The Department of Biochemistry is well equipped, with almost all experimentation being able to be performed in-house, including X-ray crystallography. High resolution electron microscopy and fluorescence activated cell sorting are available on campus, and we have regular access to the Australian synchrotron. The Department of Biochemistry is also home to two service units, the Centre for Protein Research and the Otago Genomics and Bioinformatics Facility.
The Cytation 5 and Cytell are digital imaging platforms with the ability to image a variety of samples in flasks, plates, dishes or on slides at 4X, 10X, and 20X.
The Illumina MiSeq sequencer is part of the OGBF. Their staff are available to help develop new methodologies and workflows.
The Department has several Roche Real Time PCR machines and the robots that can be used to set up PCR reactions in 96- and 384-well plates.
The department's inverted fluorescence microscope is a Nikon Ti2-A. This machine has both brightfield and fluorescence capabilities; boasting an expanded filter cube set and a large range of objectives (4x – 60x). It allows for the imaging of living cells (in flasks with media), along with fixed cells or tissue on slides.
The upright fluorescence microscope is an Olympus BX51, and has a more limited range of objectives and filters but is perfect for imaging of fixed cells or tissue on slides.
Molecular interaction analysis
Isothermal titration calorimetry (ITC) is widely viewed as the 'gold-standard' for determining binding affinities of protein-ligand interactions (best suited to interactions with moderate to high affinities (10 nM to 100 μM Kd). Our Microcal VP-ITC microcalorimeter requires relatively large amounts of protein (sample chamber is ~1.8mL) and is low-to-medium throughput, however, with careful experimental set-up, can provide a wealth of thermodynamic data.
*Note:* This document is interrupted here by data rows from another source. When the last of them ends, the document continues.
(* Let $n\geq3$, let $o_1,o_2$ be two non-parallel $\mathcal{O}_n$-directions, write $o_1=\alpha+\beta\zeta_n$, $o_2=\gamma+\delta\zeta_n$ with $\alpha,\beta,\gamma,\delta\in\mathbb{Z}[\zeta_n+\bar\zeta_n]$, and let $M_{\{o_1,o_2\}}=\operatorname{lin}_{\mathbb{Z}[\zeta_n+\bar\zeta_n]}\left(\left\{\frac{o_1}{\alpha\delta-\beta\gamma},\frac{o_2}{\alpha\delta-\beta\gamma}\right\}\right)$. Then $\mathcal{O}_n$ is a subgroup of $M_{\{o_1,o_2\}}$ and the subgroup index $[M_{\{o_1,o_2\}}:\mathcal{O}_n]$ is finite. Hence there are $c\in\mathbb{N}$ and $t_1,\dots,t_c\in M_{\{o_1,o_2\}}$, where one may take $t_1=0$, such that $M_{\{o_1,o_2\}}=\dot{\bigcup}_{i=1}^c(t_i+\mathcal{O}_n)$ (disjoint union), and consequently every subset $G\subset M_{\{o_1,o_2\}}$ satisfies $G=\dot{\bigcup}_{i=1}^c\bigl(G\cap(t_i+\mathcal{O}_n)\bigr)$.
   Context: $\zeta_n$ is a primitive $n$th root of unity in $\mathbb{C}$, $\bar\zeta_n$ its complex conjugate, $\mathcal{O}_n=\mathbb{Z}[\zeta_n]$. An $\mathcal{O}_n$-direction is an element of $\mathcal{O}_n\setminus\{0\}$. The coefficients $\alpha,\beta,\gamma,\delta$ are uniquely determined, and $\alpha\delta-\beta\gamma\ne0$. $\operatorname{lin}_R(S)$ is the set of $R$-linear combinations of elements of $S$. *)

theory Defs
  imports Complex_Main
begin

definition prim_root :: "nat \<Rightarrow> complex \<Rightarrow> bool" where
  "prim_root n z \<longleftrightarrow> z ^ n = 1 \<and> (\<forall>k. 0 < k \<and> k < n \<longrightarrow> z ^ k \<noteq> 1)"

definition int_adjoin :: "complex \<Rightarrow> complex set" where
  "int_adjoin x = {(\<Sum>k\<le>m. of_int (a k) * x ^ k) | (a :: nat \<Rightarrow> int) m. True}"

definition lin :: "complex set \<Rightarrow> complex set \<Rightarrow> complex set" where
  "lin R S = {(\<Sum>s\<in>F. c s * s) | F c. finite F \<and> F \<subseteq> S \<and> (\<forall>s\<in>F. c s \<in> R)}"

definition parallel :: "complex \<Rightarrow> complex \<Rightarrow> bool" where
  "parallel u v \<longleftrightarrow> (\<exists>r::real. u = of_real r * v \<or> v = of_real r * u)"

end

(*
  Write O = Z[z], R = Z[z + cnj z] and D = alpha delta - beta gamma; D is nonzero because
  alpha, ..., delta are real and o1, o2 are not parallel.  As |z| = 1 we have
  z^2 = (z + cnj z) z - 1, so every element of O is a + b z with a, b in R, and Cramer's rule
  writes a + b z as an R-combination of o1/D and o2/D: hence O is contained in M.  Conversely
  M lies in (1/D) O.  The powers of D lie in the Q-span of 1, z, ..., z^(n-1), so D is
  algebraic, and dividing an integer relation for D by D gives a positive integer N with
  N/D in O.  Since O is generated as a group by the z^j (j < n), every element of (1/D) O is
  congruent modulo O to a combination of the z^j/D with coefficients in {0, ..., N-1}.  So O
  has finite index in M, and listing the cosets with O itself first gives the decomposition.
*)

theory Submission
  imports Defs "HOL-Computational_Algebra.Polynomial" "HOL-Library.FuncSet"
begin

section \<open>Additive subgroups and their cosets\<close>

locale add_subgroup =
  fixes S :: "'a::ab_group_add set"
  assumes zero_mem: "0 \<in> S"
    and add_mem: "a \<in> S \<Longrightarrow> b \<in> S \<Longrightarrow> a + b \<in> S"
    and uminus_mem: "a \<in> S \<Longrightarrow> - a \<in> S"
begin

lemma diff_mem: "a \<in> S \<Longrightarrow> b \<in> S \<Longrightarrow> a - b \<in> S"
  using add_mem[of a "- b"] uminus_mem by simp

lemma sum_mem: "(\<And>i. i \<in> A \<Longrightarrow> f i \<in> S) \<Longrightarrow> sum f A \<in> S"
  by (induction A rule: infinite_finite_induct) (auto intro: zero_mem add_mem)

lemma coset_eq: "t - s \<in> S \<Longrightarrow> (+) t ` S = (+) s ` S"
proof safe
  fix x assume "t - s \<in> S" "x \<in> S"
  then show "t + x \<in> (+) s ` S" "s + x \<in> (+) t ` S"
    using add_mem diff_mem by (force simp: image_iff algebra_simps)+
qed

lemma cosets_disjoint:
  assumes "(+) s ` S \<noteq> (+) t ` S"
  shows "(+) s ` S \<inter> (+) t ` S = {}"
proof (rule ccontr)
  assume "(+) s ` S \<inter> (+) t ` S \<noteq> {}"
  then obtain a b where "a \<in> S" "b \<in> S" "s + a = t + b" by blast
  moreover from \<open>s + a = t + b\<close> have "s - t = b - a"
    by (metis add.commute add_diff_cancel_right' diff_diff_eq)
  ultimately have "s - t \<in> S" using diff_mem by simp
  with assms coset_eq show False by blast
qed

end

lemma (in add_subgroup) coset_representatives:
  assumes "add_subgroup M" "S \<subseteq> M" "finite {(+) t ` S | t. t \<in> M}"
  obtains c :: nat and t where "c \<ge> 1" "t 1 = 0" "\<forall>i\<in>{1..c}. t i \<in> M"
    "M = (\<Union>i\<in>{1..c}. (+) (t i) ` S)"
    "\<forall>i\<in>{1..c}. \<forall>j\<in>{1..c}. i \<noteq> j \<longrightarrow> (+) (t i) ` S \<inter> (+) (t j) ` S = {}"
proof -
  interpret M: add_subgroup M by fact
  define C where "C = {(+) t ` S | t. t \<in> M}"
  obtain xs where xs: "set xs = C - {S}" "distinct xs"
    using finite_distinct_list[of "C - {S}"] assms(3) unfolding C_def by blast
  define T where "T = S # xs"
  define c where "c = length T"
  have "S \<in> C" unfolding C_def using M.zero_mem by force
  then have T: "set T = C" "distinct T" using xs unfolding T_def by auto
  have "\<forall>X\<in>C. \<exists>t. t \<in> M \<and> X = (+) t ` S" unfolding C_def by blast
  then obtain r where r: "\<And>X. X \<in> C \<Longrightarrow> r X \<in> M \<and> X = (+) (r X) ` S"
    by (auto dest!: bchoice)
  define t where "t i = (if i = 1 then 0 else r (T ! (i - 1)))" for i
  have t: "t i \<in> M" "(+) (t i) ` S = T ! (i - 1)" if "i \<in> {1..c}" for i
  proof -
    have "T ! (i - 1) \<in> C" using that T(1) unfolding c_def by auto
    then show "t i \<in> M" "(+) (t i) ` S = T ! (i - 1)"
      using r M.zero_mem by (auto simp: t_def T_def)
  qed
  have M_eq: "M = (\<Union>i\<in>{1..c}. (+) (t i) ` S)"
  proof
    show "M \<subseteq> (\<Union>i\<in>{1..c}. (+) (t i) ` S)"
    proof
      fix y assume "y \<in> M"
      then have "(+) y ` S \<in> set T" using T(1) unfolding C_def by blast
      then obtain k where "k < c" "T ! k = (+) y ` S" unfolding c_def by (metis in_set_conv_nth)
      moreover have "y \<in> (+) y ` S" using zero_mem by force
      ultimately show "y \<in> (\<Union>i\<in>{1..c}. (+) (t i) ` S)"
        using t(2)[of "Suc k"] by (intro UN_I[of "Suc k"]) auto
    qed
    show "(\<Union>i\<in>{1..c}. (+) (t i) ` S) \<subseteq> M"
      using t(1) assms(2) M.add_mem by blast
  qed
  have disjoint: "(+) (t i) ` S \<inter> (+) (t j) ` S = {}" if "i \<in> {1..c}" "j \<in> {1..c}" "i \<noteq> j" for i j
  proof (rule cosets_disjoint)
    have "T ! (i - 1) \<noteq> T ! (j - 1)" using that T(2) unfolding c_def by (auto simp: nth_eq_iff_index_eq)
    then show "(+) (t i) ` S \<noteq> (+) (t j) ` S" using t(2) that by simp
  qed
  show thesis
  proof (rule that[of c t])
    show "c \<ge> 1" "t 1 = 0" unfolding c_def T_def t_def by simp_all
  qed (use t(1) M_eq disjoint in auto)
qed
Surface Plasmon Resonance (SPR), used for binding constant determination and thermodynamic analysis, is provided via a Biacore X100 from GE.
We have two CD spectrophotometers. Their primary use is to analyse the secondary structure of macromolecules, particularly proteins, and can be used to monitor changes in secondary structure in response to changes in the environment, e.g. temperature or pH.
Our home source X-rays are produced by a Rigaku 007HF rotating anode (both copper and chromium anodes) with VariMax optics and an R-axis IV++ detector. Cryo-cooling is provided by an X-stream 2000 system. We also have regular access to the Australian synchrotron X-ray source in Melbourne.
We have a Mosquito robot, which is mostly used for setting up crystal plates, although it is useful generally for pipetting small volumes (100nL up to 1.2µL) into 96 or 384 well plates.
We also have a Rock Imager crystal hotel, which allows monitoring of crystallography experiments from anywhere in the university.
qPCR and HRM assays
There are two Bio-Rad Real-Time PCR (qPCR) Detection Systems, the CFX96 Touch™ (96 well) and MJ Mini Mini Opticom (48-well), available for departmental use. These real-time PCR instruments have advanced optical technology (five colours and one FRET channel) and thermal gradient control allowing for either singleplex or multiplex reactions. These machines are designed for both qPCR and High-Resolution Melt (HRM) assays and are compatible with a number of standard reporter dyes (e.g. SYBER, FAM, Texas Red)
The Centre for Protein Research runs three different mass spectrometry systems, a TripleTOF 5600+, an LTQ-Orbitrap, and an ABI 4800 MALDI tandem time of flight.